What to do:
Please retype only the lines below that run from the one containing "by (simp only: gcd_add_mult gcd_neg2_int)" through the last line, both included, without altering a word.

Source data:
Content starts
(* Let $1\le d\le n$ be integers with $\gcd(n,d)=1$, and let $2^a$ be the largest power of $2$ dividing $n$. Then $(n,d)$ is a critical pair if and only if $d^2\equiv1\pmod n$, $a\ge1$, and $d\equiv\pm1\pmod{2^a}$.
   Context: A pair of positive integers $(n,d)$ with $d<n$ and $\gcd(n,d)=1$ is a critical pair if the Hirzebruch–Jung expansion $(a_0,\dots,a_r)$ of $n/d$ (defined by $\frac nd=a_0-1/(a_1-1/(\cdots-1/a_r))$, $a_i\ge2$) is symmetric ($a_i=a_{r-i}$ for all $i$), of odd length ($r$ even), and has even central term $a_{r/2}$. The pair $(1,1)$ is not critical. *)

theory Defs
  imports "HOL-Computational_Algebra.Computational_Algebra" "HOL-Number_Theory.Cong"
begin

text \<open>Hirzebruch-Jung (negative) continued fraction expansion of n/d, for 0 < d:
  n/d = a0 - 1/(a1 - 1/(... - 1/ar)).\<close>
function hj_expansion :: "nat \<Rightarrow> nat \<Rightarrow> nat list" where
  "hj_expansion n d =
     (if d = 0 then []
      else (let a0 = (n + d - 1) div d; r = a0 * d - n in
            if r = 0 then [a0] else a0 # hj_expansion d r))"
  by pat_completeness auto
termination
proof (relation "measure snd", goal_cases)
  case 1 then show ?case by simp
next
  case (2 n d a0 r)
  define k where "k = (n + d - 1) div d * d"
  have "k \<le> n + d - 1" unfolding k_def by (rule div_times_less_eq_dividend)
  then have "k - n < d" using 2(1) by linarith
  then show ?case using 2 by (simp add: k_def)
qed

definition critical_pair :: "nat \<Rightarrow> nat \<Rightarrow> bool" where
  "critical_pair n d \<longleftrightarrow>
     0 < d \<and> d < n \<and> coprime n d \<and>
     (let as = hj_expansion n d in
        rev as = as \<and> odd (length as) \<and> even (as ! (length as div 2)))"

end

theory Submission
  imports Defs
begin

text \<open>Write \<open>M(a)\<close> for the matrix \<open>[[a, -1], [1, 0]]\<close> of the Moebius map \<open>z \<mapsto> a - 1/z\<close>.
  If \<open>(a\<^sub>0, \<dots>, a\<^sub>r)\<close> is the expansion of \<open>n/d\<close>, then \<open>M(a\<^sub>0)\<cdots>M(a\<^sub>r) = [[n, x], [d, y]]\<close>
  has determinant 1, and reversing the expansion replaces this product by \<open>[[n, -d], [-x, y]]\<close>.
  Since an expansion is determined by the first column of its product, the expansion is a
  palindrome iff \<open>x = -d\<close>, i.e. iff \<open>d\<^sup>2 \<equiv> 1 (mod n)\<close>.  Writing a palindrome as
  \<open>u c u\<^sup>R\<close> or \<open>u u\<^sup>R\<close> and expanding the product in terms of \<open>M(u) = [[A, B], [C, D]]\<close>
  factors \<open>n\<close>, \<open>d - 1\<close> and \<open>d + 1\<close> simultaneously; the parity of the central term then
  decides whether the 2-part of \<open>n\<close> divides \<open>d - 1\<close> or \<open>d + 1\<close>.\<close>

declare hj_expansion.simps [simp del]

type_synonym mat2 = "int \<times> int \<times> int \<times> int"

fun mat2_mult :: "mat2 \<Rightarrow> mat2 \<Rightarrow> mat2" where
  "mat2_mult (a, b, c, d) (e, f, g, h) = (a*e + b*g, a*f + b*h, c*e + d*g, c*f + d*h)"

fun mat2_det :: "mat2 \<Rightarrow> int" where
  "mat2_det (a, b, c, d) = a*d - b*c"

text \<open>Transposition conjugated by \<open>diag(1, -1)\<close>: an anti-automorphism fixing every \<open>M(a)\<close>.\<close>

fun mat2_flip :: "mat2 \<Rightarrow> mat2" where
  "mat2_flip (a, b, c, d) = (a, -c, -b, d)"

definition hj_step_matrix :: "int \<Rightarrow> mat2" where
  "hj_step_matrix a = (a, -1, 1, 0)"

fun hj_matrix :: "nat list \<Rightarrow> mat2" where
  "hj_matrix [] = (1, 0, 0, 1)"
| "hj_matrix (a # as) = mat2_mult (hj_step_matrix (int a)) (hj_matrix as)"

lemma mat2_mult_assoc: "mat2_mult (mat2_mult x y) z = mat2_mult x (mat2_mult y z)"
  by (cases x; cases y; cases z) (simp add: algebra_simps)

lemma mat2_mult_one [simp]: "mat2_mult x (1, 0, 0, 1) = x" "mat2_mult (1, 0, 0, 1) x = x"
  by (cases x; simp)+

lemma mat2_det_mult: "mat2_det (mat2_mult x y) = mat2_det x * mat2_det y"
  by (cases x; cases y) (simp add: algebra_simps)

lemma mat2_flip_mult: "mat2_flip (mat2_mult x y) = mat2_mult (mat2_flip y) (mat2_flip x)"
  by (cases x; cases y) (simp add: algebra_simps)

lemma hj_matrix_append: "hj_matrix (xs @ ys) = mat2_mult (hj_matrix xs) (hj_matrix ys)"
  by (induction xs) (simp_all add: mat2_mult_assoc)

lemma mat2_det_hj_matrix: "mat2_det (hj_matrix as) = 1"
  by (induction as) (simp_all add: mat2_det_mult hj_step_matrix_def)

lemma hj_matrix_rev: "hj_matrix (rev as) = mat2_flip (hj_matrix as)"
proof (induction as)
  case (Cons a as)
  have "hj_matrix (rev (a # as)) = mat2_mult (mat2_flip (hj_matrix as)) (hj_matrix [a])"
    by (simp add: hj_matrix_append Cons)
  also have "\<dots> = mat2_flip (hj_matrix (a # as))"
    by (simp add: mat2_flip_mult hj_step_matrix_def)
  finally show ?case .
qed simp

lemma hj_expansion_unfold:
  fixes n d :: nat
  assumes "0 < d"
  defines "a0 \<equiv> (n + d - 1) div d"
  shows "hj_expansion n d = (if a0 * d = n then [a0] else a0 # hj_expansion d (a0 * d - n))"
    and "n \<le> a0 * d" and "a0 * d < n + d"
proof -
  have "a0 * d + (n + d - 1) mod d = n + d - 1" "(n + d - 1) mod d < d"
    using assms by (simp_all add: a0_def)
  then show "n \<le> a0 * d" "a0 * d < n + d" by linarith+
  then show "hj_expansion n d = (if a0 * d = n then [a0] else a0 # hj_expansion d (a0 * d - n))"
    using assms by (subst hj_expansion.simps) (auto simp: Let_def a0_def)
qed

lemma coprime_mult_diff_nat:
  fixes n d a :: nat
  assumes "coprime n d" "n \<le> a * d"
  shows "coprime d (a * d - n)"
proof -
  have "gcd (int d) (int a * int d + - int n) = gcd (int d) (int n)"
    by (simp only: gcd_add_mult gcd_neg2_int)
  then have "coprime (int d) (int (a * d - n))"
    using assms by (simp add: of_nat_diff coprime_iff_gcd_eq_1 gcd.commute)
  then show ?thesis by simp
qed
Content ends
Written reply:
    by (simp only: gcd_add_mult gcd_neg2_int)
  then have "coprime (int d) (int (a * d - n))"
    using assms by (simp add: of_nat_diff coprime_iff_gcd_eq_1 gcd.commute)
  then show ?thesis by simp
qed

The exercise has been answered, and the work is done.